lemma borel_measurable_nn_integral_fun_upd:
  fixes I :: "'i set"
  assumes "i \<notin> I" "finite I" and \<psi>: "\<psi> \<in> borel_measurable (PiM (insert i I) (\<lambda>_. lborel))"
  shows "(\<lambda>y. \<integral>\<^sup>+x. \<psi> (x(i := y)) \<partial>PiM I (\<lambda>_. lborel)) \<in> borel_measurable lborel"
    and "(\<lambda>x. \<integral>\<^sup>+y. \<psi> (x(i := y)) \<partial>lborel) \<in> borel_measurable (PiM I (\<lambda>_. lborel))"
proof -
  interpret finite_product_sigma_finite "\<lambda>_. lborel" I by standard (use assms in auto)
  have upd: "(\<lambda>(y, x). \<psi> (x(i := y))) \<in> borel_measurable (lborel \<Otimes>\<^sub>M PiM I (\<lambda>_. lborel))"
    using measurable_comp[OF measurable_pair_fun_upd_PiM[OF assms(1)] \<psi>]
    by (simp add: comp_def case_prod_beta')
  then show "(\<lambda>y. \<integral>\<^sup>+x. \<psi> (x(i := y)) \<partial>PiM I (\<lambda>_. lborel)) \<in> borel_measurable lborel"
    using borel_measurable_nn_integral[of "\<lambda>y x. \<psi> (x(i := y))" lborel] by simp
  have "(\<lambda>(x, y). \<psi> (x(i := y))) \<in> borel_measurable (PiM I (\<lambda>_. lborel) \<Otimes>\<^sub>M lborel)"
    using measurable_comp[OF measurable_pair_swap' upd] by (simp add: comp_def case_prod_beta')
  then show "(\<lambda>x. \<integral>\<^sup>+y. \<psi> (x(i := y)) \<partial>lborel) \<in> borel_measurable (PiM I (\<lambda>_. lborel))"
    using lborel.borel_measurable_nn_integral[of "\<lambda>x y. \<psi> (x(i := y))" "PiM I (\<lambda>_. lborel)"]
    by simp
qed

§

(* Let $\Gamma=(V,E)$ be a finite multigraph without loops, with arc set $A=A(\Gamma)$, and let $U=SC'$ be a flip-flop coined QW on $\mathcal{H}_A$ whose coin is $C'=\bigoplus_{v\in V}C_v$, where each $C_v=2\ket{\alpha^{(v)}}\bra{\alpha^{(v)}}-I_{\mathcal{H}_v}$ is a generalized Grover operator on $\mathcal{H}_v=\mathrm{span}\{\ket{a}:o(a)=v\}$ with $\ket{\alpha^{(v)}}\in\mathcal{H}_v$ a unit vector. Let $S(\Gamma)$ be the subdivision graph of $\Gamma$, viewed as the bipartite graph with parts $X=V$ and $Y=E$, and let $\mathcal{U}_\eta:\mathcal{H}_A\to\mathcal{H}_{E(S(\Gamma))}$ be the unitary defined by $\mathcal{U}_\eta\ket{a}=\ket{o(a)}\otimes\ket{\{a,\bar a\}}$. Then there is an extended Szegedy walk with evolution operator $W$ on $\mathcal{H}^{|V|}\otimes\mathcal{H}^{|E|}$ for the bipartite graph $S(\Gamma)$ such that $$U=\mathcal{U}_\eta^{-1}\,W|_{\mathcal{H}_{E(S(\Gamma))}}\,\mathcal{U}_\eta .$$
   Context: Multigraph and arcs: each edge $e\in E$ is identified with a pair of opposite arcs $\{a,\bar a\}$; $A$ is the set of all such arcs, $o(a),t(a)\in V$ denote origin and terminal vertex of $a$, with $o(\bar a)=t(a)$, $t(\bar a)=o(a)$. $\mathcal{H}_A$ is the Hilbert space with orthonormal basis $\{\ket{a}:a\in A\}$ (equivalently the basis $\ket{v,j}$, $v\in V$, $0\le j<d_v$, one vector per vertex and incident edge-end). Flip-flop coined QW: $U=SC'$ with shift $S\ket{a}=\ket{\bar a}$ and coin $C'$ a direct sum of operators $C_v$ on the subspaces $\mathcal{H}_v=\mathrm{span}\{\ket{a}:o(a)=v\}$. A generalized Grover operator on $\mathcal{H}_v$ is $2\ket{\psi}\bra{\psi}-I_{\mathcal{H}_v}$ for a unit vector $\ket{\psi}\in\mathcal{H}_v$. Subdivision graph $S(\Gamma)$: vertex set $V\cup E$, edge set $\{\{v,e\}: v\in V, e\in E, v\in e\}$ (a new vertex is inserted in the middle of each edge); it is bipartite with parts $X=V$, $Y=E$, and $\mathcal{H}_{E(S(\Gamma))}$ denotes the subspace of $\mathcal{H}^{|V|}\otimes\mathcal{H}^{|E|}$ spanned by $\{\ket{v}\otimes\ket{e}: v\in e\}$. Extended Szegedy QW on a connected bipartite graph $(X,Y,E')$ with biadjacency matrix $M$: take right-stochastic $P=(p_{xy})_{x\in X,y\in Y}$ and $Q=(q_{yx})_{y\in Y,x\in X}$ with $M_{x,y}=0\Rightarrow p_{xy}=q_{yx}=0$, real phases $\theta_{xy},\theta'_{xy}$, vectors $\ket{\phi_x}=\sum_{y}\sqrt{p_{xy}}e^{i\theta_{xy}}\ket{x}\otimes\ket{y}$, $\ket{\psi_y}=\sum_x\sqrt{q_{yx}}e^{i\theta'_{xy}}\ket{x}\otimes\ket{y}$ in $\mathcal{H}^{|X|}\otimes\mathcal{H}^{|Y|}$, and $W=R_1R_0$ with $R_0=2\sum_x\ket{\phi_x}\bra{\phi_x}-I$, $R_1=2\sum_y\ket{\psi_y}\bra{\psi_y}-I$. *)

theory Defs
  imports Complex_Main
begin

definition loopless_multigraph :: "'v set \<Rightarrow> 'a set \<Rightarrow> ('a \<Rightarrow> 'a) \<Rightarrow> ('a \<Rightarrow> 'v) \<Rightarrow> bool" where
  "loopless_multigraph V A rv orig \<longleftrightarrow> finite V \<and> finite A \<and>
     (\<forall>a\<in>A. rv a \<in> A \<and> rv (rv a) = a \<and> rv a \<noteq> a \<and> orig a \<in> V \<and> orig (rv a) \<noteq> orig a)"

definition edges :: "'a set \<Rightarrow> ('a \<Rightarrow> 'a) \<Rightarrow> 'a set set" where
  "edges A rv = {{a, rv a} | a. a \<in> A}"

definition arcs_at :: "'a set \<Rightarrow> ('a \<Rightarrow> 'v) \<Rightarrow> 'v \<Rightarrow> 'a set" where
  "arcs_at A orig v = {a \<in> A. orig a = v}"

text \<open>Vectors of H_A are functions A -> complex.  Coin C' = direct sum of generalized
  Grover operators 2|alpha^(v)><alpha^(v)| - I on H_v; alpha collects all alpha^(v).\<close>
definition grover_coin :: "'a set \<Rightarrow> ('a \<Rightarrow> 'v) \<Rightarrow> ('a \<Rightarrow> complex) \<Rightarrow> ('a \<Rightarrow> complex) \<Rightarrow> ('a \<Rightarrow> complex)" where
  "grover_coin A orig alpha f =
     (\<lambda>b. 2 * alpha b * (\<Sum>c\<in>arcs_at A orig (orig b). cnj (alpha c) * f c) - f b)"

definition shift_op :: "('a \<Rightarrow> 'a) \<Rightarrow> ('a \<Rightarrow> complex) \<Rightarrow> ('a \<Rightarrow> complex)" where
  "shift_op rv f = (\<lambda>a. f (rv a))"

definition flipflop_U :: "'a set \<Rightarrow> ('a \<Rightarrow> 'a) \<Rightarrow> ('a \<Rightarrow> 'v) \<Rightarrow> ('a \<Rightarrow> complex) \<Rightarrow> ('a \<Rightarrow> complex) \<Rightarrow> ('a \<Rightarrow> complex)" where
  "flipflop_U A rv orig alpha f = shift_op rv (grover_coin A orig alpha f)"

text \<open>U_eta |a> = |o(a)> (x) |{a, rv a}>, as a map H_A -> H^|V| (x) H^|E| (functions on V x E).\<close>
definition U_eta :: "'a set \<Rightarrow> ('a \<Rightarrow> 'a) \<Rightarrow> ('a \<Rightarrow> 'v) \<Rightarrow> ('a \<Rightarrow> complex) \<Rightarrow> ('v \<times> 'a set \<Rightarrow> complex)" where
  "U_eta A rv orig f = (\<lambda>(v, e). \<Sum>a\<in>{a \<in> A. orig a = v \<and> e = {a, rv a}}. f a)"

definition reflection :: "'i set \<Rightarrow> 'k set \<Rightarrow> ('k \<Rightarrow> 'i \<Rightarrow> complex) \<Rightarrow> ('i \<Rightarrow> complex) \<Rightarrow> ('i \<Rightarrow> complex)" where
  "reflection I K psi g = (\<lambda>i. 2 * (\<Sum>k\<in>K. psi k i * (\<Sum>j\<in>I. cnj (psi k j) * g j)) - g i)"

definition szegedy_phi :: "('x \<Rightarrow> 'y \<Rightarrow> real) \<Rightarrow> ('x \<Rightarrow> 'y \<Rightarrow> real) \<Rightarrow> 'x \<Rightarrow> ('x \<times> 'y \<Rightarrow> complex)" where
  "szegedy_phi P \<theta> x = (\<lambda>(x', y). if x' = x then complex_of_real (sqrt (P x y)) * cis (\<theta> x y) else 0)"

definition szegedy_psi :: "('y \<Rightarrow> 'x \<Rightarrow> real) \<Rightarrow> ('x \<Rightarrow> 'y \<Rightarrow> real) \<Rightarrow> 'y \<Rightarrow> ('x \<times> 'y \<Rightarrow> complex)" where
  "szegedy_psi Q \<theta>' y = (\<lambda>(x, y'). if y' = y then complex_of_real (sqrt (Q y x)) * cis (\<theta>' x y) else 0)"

§

Working through the entries above, copy every line in which "using" is found.

    using measurable_comp[OF measurable_pair_fun_upd_PiM[OF assms(1)] \<psi>]
    using borel_measurable_nn_integral[of "\<lambda>y x. \<psi> (x(i := y))" lborel] by simp
    using measurable_comp[OF measurable_pair_swap' upd] by (simp add: comp_def case_prod_beta')
    using lborel.borel_measurable_nn_integral[of "\<lambda>x y. \<psi> (x(i := y))" "PiM I (\<lambda>_. lborel)"]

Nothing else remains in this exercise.